Relaxed

Now we’ve got single-threaded mutation semantics out of the way, we can try reintroducing a second thread. We’ll have one thread perform a write to the memory location, and a second thread read from it, like so:

#![allow(unused)]
fn main() {
// Initial state
let mut data = 0;
// Thread 1:
data = 1;
// Thread 2:
println!("{data}");
}

Of course, any Rust programmer will immediately tell you that this code doesn’t compile, and indeed it definitely does not, and for good reason. But suspend your disbelief for a moment, and imagine what would happen if it did. Let’s draw a diagram, leaving out the reading lines for now:

Thread 1     data    Thread 2
╭───────╮   ┌────┐   ╭───────╮
│  = 1  ├╌┐ │  0 │ ?╌┤  data │
╰───────╯ ├╌┼╌╌╌╌┤   ╰───────╯
          └╌┼╌╌╌╌┤
            │  1 │
            └────┘

Unfortunately, coherence doesn’t help us in finding out where Thread 2’s line joins up to, since there are no arrows connecting that operation to anything and therefore we can’t immediately rule any values out. As a result, we end up facing a situation we haven’t faced before: there is more than one potential value for Thread 2 to read.

And this is where we encounter the big limitation with unsynchronized data accesses: the price we pay for their speed and optimization capability is that this situation is considered Undefined Behavior. For an unsynchronized read to be acceptable, there has to be exactly one potential value for it to read, and when there are multiple like in this situation it is considered a data race.

So what can we do about this? Well, two things need to be changed. First of all, Thread 1 has to use an atomic store instead of an unsynchronized write, and secondly Thread 2 has to use an atomic load instead of an unsynchronized read. You’ll also notice that all the atomic functions accept one (and sometimes two) parameters of atomic::Orderings — we’ll explore the details of the differences between them later, but for now we’ll use Relaxed because it is by far the simplest of the lot.

#![allow(unused)]
fn main() {
use std::sync::atomic::{self, AtomicU32};
// Initial state
let data = AtomicU32::new(0);
// Thread 1:
data.store(1, atomic::Ordering::Relaxed);
// Thread 2:
data.load(atomic::Ordering::Relaxed);
}

The use of the atomic store provides one additional ability in comparison to an unsynchronized store, and that is that there is no “in-between” state between the old and new values — instead, it immediately updates, resulting in a diagram that look a bit more like this:

Thread 1     data
╭───────╮   ┌────┐
│  = 1  ├─┐ │  0 │
╰───────╯ │ └────┘
          └─┬────┐
            │  1 │
            └────┘

We have now established a modification order for data: a total, ordered list of distinct, separated values that it takes over its lifetime.

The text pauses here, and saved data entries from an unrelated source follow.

(* Let $\mathbb{T}=\mathbb{R}/\mathbb{Z}$. There exists a constant $C>0$, independent of the meshes and of $g$, such that $$\|\mathcal{I}_hg\|_{H^2_{h,\Delta t}(\mathbb{T})}\le(1+C\Delta t)\|g\|_{H^2_{h,\Delta t}(\mathbb{T})}\quad\text{for all }g\in H^2(\mathbb{T}).$$ Furthermore, if there is a constant $C_2>0$ with $\Delta t\le C_2\Delta t'$, then there exists a constant $C>0$ such that $\|\mathcal{I}_hg\|_{H^2_{h,\Delta t}(\mathbb{T})}\le(1+C\Delta t_n)\|g\|_{H^2_{h,\Delta t}(\mathbb{T})}$ for all $g\in H^2(\mathbb{T})$ and all $n$.
   Context: Temporal mesh $0=t^0<\dots<t^N=T$, $\Delta t_n=t^{n+1}-t^n$, $\Delta t=\max_n\Delta t_n<1$, $\Delta t'=\min_n\Delta t_n$. Spatial mesh $0=x_0<\dots<x_M=1$, $h=\max_j(x_{j+1}-x_j)$. $V_h$: $C^1(\mathbb{T})$ functions, cubic on each $[x_j,x_{j+1}]$. $\mathcal{I}_h:C^1(\mathbb{T})\to V_h$: $(\mathcal{I}_hg)(x_j)=g(x_j)$, $(\mathcal{I}_hg)'(x_j)=g'(x_j)$, $j=0,\dots,M-1$. $\|g\|_{H^2_{h,\Delta t}(\mathbb{T})}=\big(\|g\|_{L^2(\mathbb{T})}^2+\tfrac{h^4}{\Delta t}\|g''\|_{L^2(\mathbb{T})}^2\big)^{1/2}$. *)

theory Defs
  imports "HOL-Analysis.Analysis"
begin

text \<open>Functions on the torus T = R/Z are represented as 1-periodic functions on the reals.\<close>

definition time_mesh :: "nat \<Rightarrow> (nat \<Rightarrow> real) \<Rightarrow> real \<Rightarrow> bool" where
  "time_mesh N t T \<longleftrightarrow> N \<ge> 1 \<and> t 0 = 0 \<and> t N = T \<and> (\<forall>n<N. t n < t (Suc n))"

definition dt_max :: "nat \<Rightarrow> (nat \<Rightarrow> real) \<Rightarrow> real" where
  "dt_max N t = Max {t (Suc n) - t n | n. n < N}"

definition dt_min :: "nat \<Rightarrow> (nat \<Rightarrow> real) \<Rightarrow> real" where
  "dt_min N t = Min {t (Suc n) - t n | n. n < N}"

definition space_mesh :: "nat \<Rightarrow> (nat \<Rightarrow> real) \<Rightarrow> bool" where
  "space_mesh M x \<longleftrightarrow> M \<ge> 1 \<and> x 0 = 0 \<and> x M = 1 \<and> (\<forall>j<M. x j < x (Suc j))"

definition mesh_h :: "nat \<Rightarrow> (nat \<Rightarrow> real) \<Rightarrow> real" where
  "mesh_h M x = Max {x (Suc j) - x j | j. j < M}"

definition Vh :: "nat \<Rightarrow> (nat \<Rightarrow> real) \<Rightarrow> (real \<Rightarrow> real) set" where
  "Vh M x = {v. (\<forall>y. v (y + 1) = v y)
     \<and> (\<exists>v'. continuous_on UNIV v' \<and> (\<forall>y. (v has_real_derivative v' y) (at y)))
     \<and> (\<forall>j<M. \<exists>a b c d. \<forall>y\<in>{x j..x (Suc j)}. v y = a + b * y + c * y ^ 2 + d * y ^ 3)}"

definition interp :: "nat \<Rightarrow> (nat \<Rightarrow> real) \<Rightarrow> (real \<Rightarrow> real) \<Rightarrow> (real \<Rightarrow> real)" where
  "interp M x g = (THE v. v \<in> Vh M x \<and>
      (\<forall>j<M. v (x j) = g (x j) \<and> deriv v (x j) = deriv g (x j)))"
theorem mainTheorem15:
  fixes Q :: "real^'n^'n" and e :: "'n \<Rightarrow> nat"
    and N :: "(real^'n) set" and r :: nat and v vs :: "real^'n"
  assumes K3: "bij_betw e UNIV {0..<22}" "\<And>i j. Q $ i $ j = of_int (K3gram (e i) (e j))"
    and N: "sublattice N" "lattice_signature Q N 1 r"
    and U': "v \<in> orth_latt Q N" "vs \<in> orth_latt Q N"
            "bf Q v v = 0" "bf Q vs vs = 0" "bf Q v vs = 1"
  defines "\<Gamma>' \<equiv> {x \<in> latt. bf Q x v = 0 \<and> bf Q x vs = 0}"
  defines "Nv \<equiv> orth_latt Q N \<inter> \<Gamma>'"
  defines "V \<equiv> span N"
  defines "Vv \<equiv> span Nv"
  shows "sublattice Nv \<and> lattice_signature Q Nv 1 (18 - r)
     \<and> orth_latt Q N = {y + of_int a *\<^sub>R v + of_int b *\<^sub>R vs | y a b. y \<in> Nv}
     \<and> span \<Gamma>' = {x + y | x y. x \<in> V \<and> y \<in> Vv} \<and> V \<inter> Vv = {0}
     \<and> xi_tilde Q v vs ` (gamma_map Q ` Tbar Q V) = gamma_map Q ` Tbar Q Vv"
proof -
  interpret k3_form e Q using K3 by unfold_locales
  interpret k3_splitting e Q v vs N r
    using U' N by unfold_locales
  show ?thesis
    unfolding \<Gamma>'_def Nv_def V_def Vv_def
  proof (intro conjI)
    show "sublattice dual_lattice"
      unfolding dual_lattice_orth_latt by (rule sublattice_orth_latt)
    show "lattice_signature Q dual_lattice 1 (18 - r)"
      unfolding lattice_signature_def by (rule dual_signature)
    show "orth_latt Q N = {y + of_int a *\<^sub>R v + of_int b *\<^sub>R vs | y a b. y \<in> dual_lattice}"
      by (rule orth_latt_decomposition[OF Q_integral U'(1,2)])
    show "span perp_lattice = {x + y | x y. x \<in> span N \<and> y \<in> span dual_lattice}"
      unfolding span_perp_lattice by (rule perp_eq_sum)
    show "span N \<inter> span dual_lattice = {0}"
      by (rule span_N_Int_dual)
    show "xi_tilde Q v vs ` gamma_map Q ` Tbar Q (span N) = gamma_map Q ` Tbar Q (span dual_lattice)"
      by (rule mirror_image_eq[OF span_N_signature span_N_perp dual_signature span_dual_perp
            span_N_orth_dual perp_proj_orth_N perp_proj_orth_dual])
  qed
qed

end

On the loading side, we also obtain one additional ability: when there are multiple possible values to choose from in the modification order, instead of it triggering UB, exactly one (but it is unspecified which) value is chosen. This means that there are now two potential executions of our program, with no way for us to control which one occurs:

     Possible Execution 1       ┃       Possible Execution 2
                                ┃
Thread 1     data    Thread 2   ┃  Thread 1     data    Thread 2
╭───────╮   ┌────┐   ╭───────╮  ┃  ╭───────╮   ┌────┐   ╭───────╮
│ store ├─┐ │  0 ├───┤  load │  ┃  │ store ├─┐ │  0 │ ┌─┤  load │
╰───────╯ │ └────┘   ╰───────╯  ┃  ╰───────╯ │ └────┘ │ ╰───────╯
          └─┬────┐              ┃            └─┬────┐ │
            │  1 │              ┃              │  1 ├─┘
            └────┘              ┃              └────┘

Note that both sides must be atomic to avoid the data race: if only the writing side used atomic operations, the reading side would still have multiple values to choose from (UB), and if only the reading side used atomic operations it could end up reading the garbage data “in-between” 0 and 1 (also UB).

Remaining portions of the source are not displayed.